En fait, ce qui intéresse l’individu, ce n’est pas une théorie des
morales, ni un système des règles positives considéré comme un
système parmi d’autres ; ce qu’il veut, c’est une morale qui soit
valable seulement pour telle ou telle communauté, mais valable
universellement. A la suite de RUSS, la morale renchérit,
BONGILO « reste un effort dans la recherche qui nous conduit vers
la sagesse et le bien » (BONGILO BOENDY, J. F., N°16, 2012,
p.206). La sagesse, cette culture cumulée qui donne à l’homme la
connaissance de mener une vie ordonnée conduit à la recherche du
bien acceptable par tous.
Dans le cadre de cette réflexion, le problème posé est
considéré sous l’aspect éthique. Car le problème éthique surgit
justement parce que l’homme gagné par la science, la technique et
l’organisation politique est en conflit avec lui-même et avec la
société.
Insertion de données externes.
(* Let $\mathcal{B}$ be a front on $\mathbb{N}$. There is a Borel map $S:2^{\mathcal{B}}\times[\mathbb{N}]^{\omega}\to[\mathbb{N}]^{\omega}$ such that for every infinite $x\subseteq\mathbb{N}$ and every $\mathcal{F}\subseteq\mathcal{B}$, $S(\mathcal{F},x)$ is an infinite subset of $x$ satisfying $[S(\mathcal{F},x)]^{<\omega}\cap\mathcal{B}\subseteq\mathcal{F}$ or $[S(\mathcal{F},x)]^{<\omega}\cap\mathcal{F}=\emptyset$.
   Context: For finite $s$ and $t\subseteq\mathbb{N}$, $s\sqsubseteq t$ means $s=t\cap\{0,\dots,n\}$ for some $n$. A front on $\mathbb{N}$ is a family $\mathcal{B}\subseteq[\mathbb{N}]^{<\omega}$ of pairwise $\sqsubseteq$-incomparable sets such that every infinite $y\subseteq\mathbb{N}$ has an initial segment in $\mathcal{B}$. $[\mathbb{N}]^\omega$ is the space of infinite subsets of $\mathbb{N}$ (as a subspace of $2^{\mathbb{N}}$), and $2^{\mathcal{B}}$ is the Cantor space of subsets of $\mathcal{B}$. *)

theory Defs
  imports "HOL-Analysis.Analysis"
begin

definition init_seg :: "nat set \<Rightarrow> nat set \<Rightarrow> bool" where
  "init_seg s t \<longleftrightarrow> (\<exists>n. s = t \<inter> {..<n})"

definition is_front :: "nat set set \<Rightarrow> bool" where
  "is_front B \<longleftrightarrow>
     (\<forall>s\<in>B. finite s) \<and>
     (\<forall>s\<in>B. \<forall>t\<in>B. init_seg s t \<longrightarrow> s = t) \<and>
     (\<forall>y. infinite y \<longrightarrow> (\<exists>s\<in>B. init_seg s y))"

definition borel_of :: "'a topology \<Rightarrow> 'a measure" where
  "borel_of X = sigma (topspace X) {U. openin X U}"

text \<open>Cantor space 2^I, realised as functions I \<Rightarrow> bool (extensional outside I)
  with the product of discrete topologies.\<close>
definition cantor_top :: "'i set \<Rightarrow> ('i \<Rightarrow> bool) topology" where
  "cantor_top I = product_topology (\<lambda>_. discrete_topology (UNIV :: bool set)) I"

text \<open>The space [N]^omega of infinite subsets of N, as a subspace of 2^N
  (subsets represented by their characteristic functions).\<close>
definition inf_subsets_top :: "(nat \<Rightarrow> bool) topology" where
  "inf_subsets_top = subtopology (cantor_top UNIV) {f. infinite {n. f n}}"

end

theory Submission
  imports Defs
begin

text \<open>
  The selector is defined by well-founded recursion on the tree of proper initial segments of the
  front, in the style of Nash-Williams' proof. At a node \<open>s\<close> and on an infinite set \<open>x\<close> we
  diagonalise: \<open>n\<^sub>k\<close> is the least element of the current set \<open>z\<^sub>k\<close>, and \<open>z\<^sub>k\<^sub>+\<^sub>1\<close> is what the
  selector for the node \<open>s \<union> {n\<^sub>k}\<close> extracts from \<open>z\<^sub>k - {n\<^sub>k}\<close>, so that all extensions of
  \<open>s \<union> {n\<^sub>k}\<close> into \<open>z\<^sub>k\<^sub>+\<^sub>1\<close> that lie in the front are either all in \<open>F\<close> or all outside \<open>F\<close>.
  Keeping the \<open>n\<^sub>k\<close> of the side that occurs infinitely often yields an infinite set homogeneous
  at \<open>s\<close>. Every step only uses countable quantifiers over the coordinates of \<open>F\<close> and \<open>x\<close>, so
  membership in the selected set is a Borel property of \<open>(F, x)\<close>.
\<close>

definition less_sets :: "nat set \<Rightarrow> nat set \<Rightarrow> bool" where
  "less_sets s u \<longleftrightarrow> (\<forall>a\<in>s. \<forall>b\<in>u. a < b)"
C’est ainsi qu’il faut dégager les rapports entre individu et
société pour comprendre de façon critique le problème, car la vie de
la personne est indiscutablement tache personnelle et engagement
communautaire.
Cet essai tente de cerner la crise morale occasionnée par la
civilisation technique qui aliène davantage l’homme.
Pour mieux la saisir, ce texte se focalise sur trois points
essentiels : Nous aborderons tour à tour la négation du sujet moral, la
valeur éthique du travail, et enfin la problématique actuelle de la
bioéthique vis-à-vis de la science moderne.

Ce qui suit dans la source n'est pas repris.